How to use event follow-up in your outreach plans

by | Aug 8, 2019 | Strategy

Churches have a mission to reach more people with the gospel message. At the core of all of this is RELATIONSHIP. Outreach events offer an opportunity to begin those new relationships by making new connections. I’ll go over how good follow-up shows you care, what to say, and the best way to get those messages out.

Need fall event ideas? Here are a few to get you started!

Giving helpful information shows you care.

Putting on events takes time, money, energy from staff and volunteers alike. Whether it’s a community cookout or a formal conference, you have an opportunity to truly change someone’s life! 

You do this by thinking about what comes after the event: getting to know your church family better. Some communicators call these “micro-conversions” or “micro-commitments.” The idea here is to ask for the next, small step that will move them along the path of coming to visit you for a worship service. 

An excellent way to do this is by giving, not taking. Providing something of value that makes sense to who they are and where they are, using the event as a starting point for these new relationships.

What to say in your event follow-up

Think of your attendees. They are your audience, and you need to provide them with helpful information related to the event. Write out what you want to say to your guests both before and after they attend.

Before the event, this looks like: 

  • registration confirmation,
  • event day details,
  • event reminder,
  • giveaways or some other promotion (if this makes sense for your event and church). 

After the event, this includes: 

  • thank you for coming, 
  • event highlights,
  • link to helpful, related content your church has created previously (podcast, video, etc.);
  • link to custom follow-up content.

Get your messages out

You’ve written out valuable information, specific to the attendees. Now it’s time to switch over to the how. 

Social media is a great place to promote your event and attract people. However, I wouldn’t recommend relying on it for your pre- and post-event communication. With any social media, you’re working on off of someone else’s connection. You don’t own that access. Transitioning communication from social to space you completely own is where getting contact information is so helpful. Once you get their info, you have it! A direct line to speak directly to them!

Put in place a step-by-step communications process before the event. When you are ready, all you have to do is go! It’s way too easy to put it off and say you’ll do it later on. And then be tired and not do it at all. The more you can automate, the better.

Text messages for follow-up

People read text messages. With an open rate in the mid-to-high 90% range, you can’t ignore that it works. You’ll want to use a text messaging provider so you can manage the list and messages that go out. Many opportunities exist for using text as an overall communications tool. If you want to use this tool with other areas (ideas: new visitors, volunteers, etc.), it’s a great add-on.

Let’s go back to the before and after event messages discussed earlier. Text is a great way to send quick confirmations, reminders, and links to any extra content.

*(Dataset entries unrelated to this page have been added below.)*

(* Let $L$ be an ideal lattice. Then $(\operatorname{Spec}L,D)$ is a spectrum of $L$, where $D(a)=\{p\in\operatorname{Spec}L\mid a\not\leq p\}$. For every spectrum $(X,\delta)$ of $L$ there exists a unique continuous map $f\colon X\to\operatorname{Spec}L$ such that $\delta(a)=f^{-1}(D(a))$ for all $a\in L$; it is given by $f(x)=\bigvee\{c\in L\mid c\text{ compact},\ x\notin\delta(c)\}$.
   Context: An ideal lattice is a poset $(L,\leq)$ with an associative multiplication such that: (L1) $L$ is a complete lattice; (L2) every element is a supremum of compact elements ($a$ is compact if $a\leq\sup A$ implies $a\leq\sup A'$ for some finite $A'\subseteq A$); (L3) multiplication distributes over binary joins on both sides; (L4) $1=\sup L$ is compact and is a two-sided identity; (L5) products of compact elements are compact. Prime: $p\neq1$ with $ab\leq p\Rightarrow a\leq p$ or $b\leq p$. $\operatorname{Spec}L$: set of primes with the Zariski topology whose closed sets are $V(a)=\{p\mid a\leq p\}$. A spectrum of $L$ is a pair $(X,\delta)$ with $X$ a topological space and $\delta$ assigning to each $a\in L$ an open subset $\delta(a)\subseteq X$ such that $\delta(\bigvee_{a\in A}a)=\bigcup_{a\in A}\delta(a)$ for all $A\subseteq L$, $\delta(1)=X$, and $\delta(ab)=\delta(a)\cap\delta(b)$ for all $a,b\in L$. *)

theory Defs
  imports "HOL-Analysis.Abstract_Topology"
begin

definition compact_el :: "'a::complete_lattice \<Rightarrow> bool" where
  "compact_el a \<longleftrightarrow>
     (\<forall>A. a \<le> Sup A \<longrightarrow> (\<exists>A'. finite A' \<and> A' \<subseteq> A \<and> a \<le> Sup A'))"

definition ideal_lattice :: "('a::complete_lattice \<Rightarrow> 'a \<Rightarrow> 'a) \<Rightarrow> bool" where
  "ideal_lattice m \<longleftrightarrow>
     (\<forall>a b c. m (m a b) c = m a (m b c)) \<and>
     (\<forall>a::'a. \<exists>C. (\<forall>c\<in>C. compact_el c) \<and> a = Sup C) \<and>
     (\<forall>a b c. m a (sup b c) = sup (m a b) (m a c)) \<and>
     (\<forall>a b c. m (sup b c) a = sup (m b a) (m c a)) \<and>
     compact_el (top::'a) \<and>
     (\<forall>a. m top a = a \<and> m a top = a) \<and>
     (\<forall>a b. compact_el a \<and> compact_el b \<longrightarrow> compact_el (m a b))"

definition prime_el :: "('a::complete_lattice \<Rightarrow> 'a \<Rightarrow> 'a) \<Rightarrow> 'a \<Rightarrow> bool" where
  "prime_el m p \<longleftrightarrow> p \<noteq> top \<and> (\<forall>a b. m a b \<le> p \<longrightarrow> a \<le> p \<or> b \<le> p)"

definition Spec :: "('a::complete_lattice \<Rightarrow> 'a \<Rightarrow> 'a) \<Rightarrow> 'a set" where
  "Spec m = {p. prime_el m p}"

definition Dset :: "('a::complete_lattice \<Rightarrow> 'a \<Rightarrow> 'a) \<Rightarrow> 'a \<Rightarrow> 'a set" where
  "Dset m a = {p \<in> Spec m. \<not> a \<le> p}"

definition zariski :: "('a::complete_lattice \<Rightarrow> 'a \<Rightarrow> 'a) \<Rightarrow> 'a topology" where
  "zariski m = topology (\<lambda>U. \<exists>a. U = Dset m a)"

definition is_spectrum ::
  "('a::complete_lattice \<Rightarrow> 'a \<Rightarrow> 'a) \<Rightarrow> 'b topology \<Rightarrow> ('a \<Rightarrow> 'b set) \<Rightarrow> bool" where
  "is_spectrum m X \<delta> \<longleftrightarrow>
     (\<forall>a. openin X (\<delta> a)) \<and>
     (\<forall>A. \<delta> (Sup A) = (\<Union>a\<in>A. \<delta> a)) \<and>
     \<delta> top = topspace X \<and>
     (\<forall>a b. \<delta> (m a b) = \<delta> a \<inter> \<delta> b)"

end

theory Submission
  imports Defs
begin

text \<open>Every element of an ideal lattice is the join of the compact elements below it.  Hence, for
  a point x of a spectrum (X, \<delta>), the join f x of all compact c with x \<notin> \<delta> c satisfies
  a \<le> f x \<longleftrightarrow> x \<notin> \<delta> a for every a, by compactness and because \<delta> preserves joins.
  Multiplicativity of \<delta> then makes f x prime, and the equivalence says precisely that \<delta> is the
  pullback of D along f.  Any other such map g has c \<le> g x \<longleftrightarrow> x \<notin> \<delta> c, so g x is the join of
  the same compact elements.\<close>

lemma ideal_lattice_mult_sup_left:
  "ideal_lattice m \<Longrightarrow> m (sup b c) a = sup (m b a) (m c a)"
  by (simp add: ideal_lattice_def)

lemma ideal_lattice_mult_sup_right:
  "ideal_lattice m \<Longrightarrow> m a (sup b c) = sup (m a b) (m a c)"
  by (simp add: ideal_lattice_def)

lemma ideal_lattice_mult_top_left: "ideal_lattice m \<Longrightarrow> m top a = a"
  by (simp add: ideal_lattice_def)

lemma ideal_lattice_mult_top_right: "ideal_lattice m \<Longrightarrow> m a top = a"
  by (simp add: ideal_lattice_def)

lemma ideal_lattice_ex_compact_Sup:
  fixes m :: "'a::complete_lattice \<Rightarrow> 'a \<Rightarrow> 'a" and a :: 'a
  shows "ideal_lattice m \<Longrightarrow> \<exists>C. (\<forall>c\<in>C. compact_el c) \<and> a = Sup C"
  unfolding ideal_lattice_def by (elim conjE) (erule spec)

lemma ideal_lattice_Sup_compact_below:
  fixes m :: "'a::complete_lattice \<Rightarrow> 'a \<Rightarrow> 'a" and a :: 'a
  assumes "ideal_lattice m"
  shows "Sup {c. compact_el c \<and> c \<le> a} = a"
proof (rule antisym)
  obtain C where C: "\<forall>c\<in>C. compact_el c" "a = Sup C"
    using ideal_lattice_ex_compact_Sup[OF assms] by blast
  then have "C \<subseteq> {c. compact_el c \<and> c \<le> a}"
    using Sup_upper by blast
  then show "a \<le> Sup {c. compact_el c \<and> c \<le> a}"
    using C(2) Sup_subset_mono by blast
qed (simp add: Sup_le_iff)

lemma ideal_lattice_mult_le_left:
  assumes "ideal_lattice m"
  shows "m a b \<le> a"
proof -
  have "sup (m a b) a = a"
    using ideal_lattice_mult_sup_right[OF assms, of a b top] ideal_lattice_mult_top_right[OF assms]
    by simp
  then show ?thesis
    by (simp add: sup.absorb_iff2)
qed

lemma ideal_lattice_mult_le_right:
  assumes "ideal_lattice m"
  shows "m a b \<le> b"
proof -
  have "sup (m a b) b = b"
    using ideal_lattice_mult_sup_left[OF assms, of a top b] ideal_lattice_mult_top_left[OF assms]
    by simp
  then show ?thesis
    by (simp add: sup.absorb_iff2)
qed

lemma Dset_Sup: "Dset m (Sup A) = (\<Union>a\<in>A. Dset m a)"
  unfolding Dset_def by (auto simp: Sup_le_iff)

lemma Dset_top: "Dset m top = Spec m"
  unfolding Dset_def Spec_def prime_el_def by (auto simp: top_unique)

lemma Dset_mult:
  assumes "ideal_lattice m"
  shows "Dset m (m a b) = Dset m a \<inter> Dset m b"
  using ideal_lattice_mult_le_left[OF assms, of a b] ideal_lattice_mult_le_right[OF assms, of a b]
  unfolding Dset_def Spec_def prime_el_def by (auto intro: order_trans)

lemma istopology_Dset:
  assumes "ideal_lattice m"
  shows "istopology (\<lambda>U. \<exists>a. U = Dset m a)"
  unfolding istopology_def
proof (intro conjI allI impI)
  fix S T
  assume "\<exists>a. S = Dset m a" "\<exists>b. T = Dset m b"
  then obtain a b where "S = Dset m a" "T = Dset m b"
    by blast
  then have "S \<inter> T = Dset m (m a b)"
    by (simp add: Dset_mult[OF assms])
  then show "\<exists>c. S \<inter> T = Dset m c" ..
next
  fix K :: "'a set set"
  assume "\<forall>U\<in>K. \<exists>a. U = Dset m a"
  then have "K = Dset m ` {a. Dset m a \<in> K}"
    by auto
  then have "\<Union>K = Dset m (Sup {a. Dset m a \<in> K})"
    by (metis Dset_Sup)
  then show "\<exists>a. \<Union>K = Dset m a" ..
qed

lemma openin_zariski:
  assumes "ideal_lattice m"
  shows "openin (zariski m) U \<longleftrightarrow> (\<exists>a. U = Dset m a)"
  unfolding zariski_def using topology_inverse'[OF istopology_Dset[OF assms]] by simp

lemma topspace_zariski:
  assumes "ideal_lattice m"
  shows "topspace (zariski m) = Spec m"
proof -
  have "topspace (zariski m) = \<Union>(range (Dset m))"
    unfolding topspace_def openin_zariski[OF assms] by blast
  also have "\<dots> = Spec m"
  proof
    show "\<Union>(range (Dset m)) \<subseteq> Spec m"
      unfolding Dset_def by blast
    show "Spec m \<subseteq> \<Union>(range (Dset m))"
      unfolding Dset_top[symmetric] by blast
  qed
  finally show ?thesis .
qed

lemma is_spectrum_zariski:
  assumes "ideal_lattice m"
  shows "is_spectrum m (zariski m) (Dset m)"
  unfolding is_spectrum_def openin_zariski[OF assms] topspace_zariski[OF assms]
  by (auto simp: Dset_Sup Dset_top Dset_mult[OF assms])

lemma is_spectrum_openin: "is_spectrum m X \<delta> \<Longrightarrow> openin X (\<delta> a)"
  by (simp add: is_spectrum_def)

lemma is_spectrum_Sup: "is_spectrum m X \<delta> \<Longrightarrow> \<delta> (Sup A) = (\<Union>a\<in>A. \<delta> a)"
  by (simp add: is_spectrum_def)

lemma is_spectrum_top: "is_spectrum m X \<delta> \<Longrightarrow> \<delta> top = topspace X"
  by (simp add: is_spectrum_def)

lemma is_spectrum_mult: "is_spectrum m X \<delta> \<Longrightarrow> \<delta> (m a b) = \<delta> a \<inter> \<delta> b"
  by (simp add: is_spectrum_def)

lemma is_spectrum_mono:
  assumes "is_spectrum m X \<delta>" "a \<le> b"
  shows "\<delta> a \<subseteq> \<delta> b"
proof -
  have "\<delta> (sup a b) = \<delta> a \<union> \<delta> b"
    using is_spectrum_Sup[OF assms(1), of "{a, b}"] by simp
  with assms(2) show ?thesis
    by (metis Un_upper1 sup.absorb2)
qed

definition spectrum_point :: "('a::complete_lattice \<Rightarrow> 'b set) \<Rightarrow> 'b \<Rightarrow> 'a" where
  "spectrum_point \<delta> x = Sup {c. compact_el c \<and> x \<notin> \<delta> c}"

lemma le_spectrum_point_iff:
  assumes L: "ideal_lattice m" and S: "is_spectrum m X \<delta>"
  shows "a \<le> spectrum_point \<delta> x \<longleftrightarrow> x \<notin> \<delta> a"
proof
  let ?S = "{c. compact_el c \<and> x \<notin> \<delta> c}"
  assume a_le: "a \<le> spectrum_point \<delta> x"
  show "x \<notin> \<delta> a"
  proof
    assume "x \<in> \<delta> a"
    moreover have "\<delta> a = (\<Union>c\<in>{c. compact_el c \<and> c \<le> a}. \<delta> c)"
      using is_spectrum_Sup[OF S, of "{c. compact_el c \<and> c \<le> a}"]
      by (simp add: ideal_lattice_Sup_compact_below[OF L])
    ultimately obtain c where c: "compact_el c" "c \<le> a" "x \<in> \<delta> c"
      by blast
    have "c \<le> Sup ?S"
      using c(2) a_le unfolding spectrum_point_def by (rule order_trans)
    then obtain S' where S': "finite S'" "S' \<subseteq> ?S" "c \<le> Sup S'"
      using c(1) unfolding compact_el_def by meson
    have "\<delta> (Sup S') = (\<Union>d\<in>S'. \<delta> d)"
      by (rule is_spectrum_Sup[OF S])
    with S'(2) have "x \<notin> \<delta> (Sup S')"
      by blast
    then show False
      using is_spectrum_mono[OF S S'(3)] c(3) by blast
  qed
next
  assume "x \<notin> \<delta> a"
  then have "{c. compact_el c \<and> c \<le> a} \<subseteq> {c. compact_el c \<and> x \<notin> \<delta> c}"
    using is_spectrum_mono[OF S] by blast
  then have "Sup {c. compact_el c \<and> c \<le> a} \<le> spectrum_point \<delta> x"
    unfolding spectrum_point_def by (rule Sup_subset_mono)
  then show "a \<le> spectrum_point \<delta> x"
    by (simp add: ideal_lattice_Sup_compact_below[OF L])
qed

lemma spectrum_point_in_Spec:
  assumes L: "ideal_lattice m" and S: "is_spectrum m X \<delta>" and x: "x \<in> topspace X"
  shows "spectrum_point \<delta> x \<in> Spec m"
  unfolding Spec_def prime_el_def
proof (intro CollectI conjI allI impI)
  have "x \<in> \<delta> top"
    using x is_spectrum_top[OF S] by simp
  then show "spectrum_point \<delta> x \<noteq> top"
    using le_spectrum_point_iff[OF L S, of top x] by auto
next
  fix a b
  assume "m a b \<le> spectrum_point \<delta> x"
  then have "x \<notin> \<delta> a \<inter> \<delta> b"
    using le_spectrum_point_iff[OF L S] is_spectrum_mult[OF S] by metis
  then show "a \<le> spectrum_point \<delta> x \<or> b \<le> spectrum_point \<delta> x"
    using le_spectrum_point_iff[OF L S] by blast
qed

lemma spectrum_eq_vimage_Dset:
  assumes L: "ideal_lattice m" and S: "is_spectrum m X \<delta>"
  shows "\<delta> a = {x \<in> topspace X. spectrum_point \<delta> x \<in> Dset m a}"
proof (rule set_eqI)
  fix x
  have "\<delta> a \<subseteq> topspace X"
    using is_spectrum_openin[OF S] by (rule openin_subset)
  then show "x \<in> \<delta> a \<longleftrightarrow> x \<in> {x \<in> topspace X. spectrum_point \<delta> x \<in> Dset m a}"
    using le_spectrum_point_iff[OF L S, of a x] spectrum_point_in_Spec[OF L S, of x]
    unfolding Dset_def by blast
qed

lemma continuous_map_spectrum_point:
  assumes L: "ideal_lattice m" and S: "is_spectrum m X \<delta>"
  shows "continuous_map X (zariski m) (spectrum_point \<delta>)"
  unfolding continuous_map_def
proof (intro conjI allI impI)
  show "spectrum_point \<delta> \<in> topspace X \<rightarrow> topspace (zariski m)"
    using spectrum_point_in_Spec[OF L S] topspace_zariski[OF L] by blast
next
  fix U
  assume "openin (zariski m) U"
  then obtain a where "U = Dset m a"
    using openin_zariski[OF L] by blast
  then show "openin X {x \<in> topspace X. spectrum_point \<delta> x \<in> U}"
    using spectrum_eq_vimage_Dset[OF L S, of a] is_spectrum_openin[OF S, of a] by simp
qed

lemma continuous_map_eq_spectrum_point:
  assumes L: "ideal_lattice m"
    and g: "continuous_map X (zariski m) g"
    and \<delta>: "\<forall>a. \<delta> a = {x \<in> topspace X. g x \<in> Dset m a}"
    and x: "x \<in> topspace X"
  shows "g x = spectrum_point \<delta> x"
proof -
  have "g x \<in> Spec m"
    using continuous_map_image_subset_topspace[OF g] x topspace_zariski[OF L] by blast
  then have "x \<notin> \<delta> c \<longleftrightarrow> c \<le> g x" for c
    using x \<delta> unfolding Dset_def by blast
  then have "spectrum_point \<delta> x = Sup {c. compact_el c \<and> c \<le> g x}"
    unfolding spectrum_point_def by simp
  then show ?thesis
    using ideal_lattice_Sup_compact_below[OF L] by simp
qed

theorem mainTheorem7:
  fixes m :: "'a::complete_lattice \<Rightarrow> 'a \<Rightarrow> 'a"
  assumes "ideal_lattice m"
  shows "is_spectrum m (zariski m) (Dset m) \<and>
    (\<forall>(X::'b topology) \<delta>. is_spectrum m X \<delta> \<longrightarrow>
       (let f = (\<lambda>x. Sup {c. compact_el c \<and> x \<notin> \<delta> c}) in
          continuous_map X (zariski m) f \<and>
          (\<forall>a. \<delta> a = {x \<in> topspace X. f x \<in> Dset m a}) \<and>
          (\<forall>g. continuous_map X (zariski m) g \<and>
               (\<forall>a. \<delta> a = {x \<in> topspace X. g x \<in> Dset m a}) \<longrightarrow>
               (\<forall>x\<in>topspace X. g x = f x))))"
  unfolding Let_def spectrum_point_def[symmetric]
proof (intro conjI allI impI ballI)
  show "is_spectrum m (zariski m) (Dset m)"
    by (rule is_spectrum_zariski[OF assms])
  fix X :: "'b topology" and \<delta>
  assume S: "is_spectrum m X \<delta>"
  show "continuous_map X (zariski m) (spectrum_point \<delta>)"
    by (rule continuous_map_spectrum_point[OF assms S])
  show "\<delta> a = {x \<in> topspace X. spectrum_point \<delta> x \<in> Dset m a}" for a
    by (rule spectrum_eq_vimage_Dset[OF assms S])
  show "g x = spectrum_point \<delta> x"
    if g: "continuous_map X (zariski m) g \<and> (\<forall>a. \<delta> a = {x \<in> topspace X. g x \<in> Dset m a})"
      and x: "x \<in> topspace X" for g x
    by (rule continuous_map_eq_spectrum_point[OF assms conjunct1[OF g] conjunct2[OF g] x])
qed

end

If you’re looking for a texting provider, I’ve been impressed with Text In Church as a partner. They offer excellent service and provide templates and other ideas to help you connect with people from potential guests to those already attending regularly. (Yup, we’re affiliates. We’re also picky about who we partner with and don’t endorse just any company.)

Email for follow-up

Email remains a longstanding, effective method of communication. Keep using it! Relative to text, email does have a lower open rate. To encourage people to open, let them know that you’ll be sending them reminders and other helpful information when you collect their contact info.

While emails tend to be read on mobile devices, people expect it to have more content than a text message. Email provides an excellent space for more in-depth, engaging content (videos, longer reads, etc.)

Note of caution: unless you have specifically included an OPT-IN option to include them on your regular email newsletters or text messages, do NOT add them. Legally, this goes against CAN-SPAM laws. As a person, it’s just annoying, and it can hurt that initial level of trust they established with you by giving their contact information. Don’t abuse it! Ok, off my soapbox.

Example follow-up plan for new mom’s event.

Let’s look at a hypothetical example that shows how a church may use email and text to engage someone before and after the event.

Contact information collected with registration:

  • The form includes fields for their email and phone number.
  • Checkbox with “yes, I would like to receive text messages about this event.”
  • Checkbox with “yes, I would like to receive emails about this event.”

Before the event:

  • Email: Confirmation that includes a message from one of the speakers welcoming them and encouraging them.
  • Text: Confirmation of their registration, and close with a landing page link to more event info and related content.
  • Text or Email: Reminder the day before. Include information about what they should bring. A testimonial message from a past attendee is a great way to get them excited about attending (and helps reduce no-shows!)

After the event:

  • Email: thank them for coming, send them a link to a 5-day devotional series for new moms.
  • Text: Wednesday before, invite them to experience your Sunday worship service. Be sure to mention the free coffee, child-friendly atmosphere, and free childcare should they need it.
All of those messages make sense as natural next steps. The messages come from you, from the church. However, they focus on meeting the needs of the recipient.

Good follow-up shows you care. That’s what we’re called to do as a part of the church. Email and text merely represent modern tools we can use to reach out, make connections, and start developing relationships.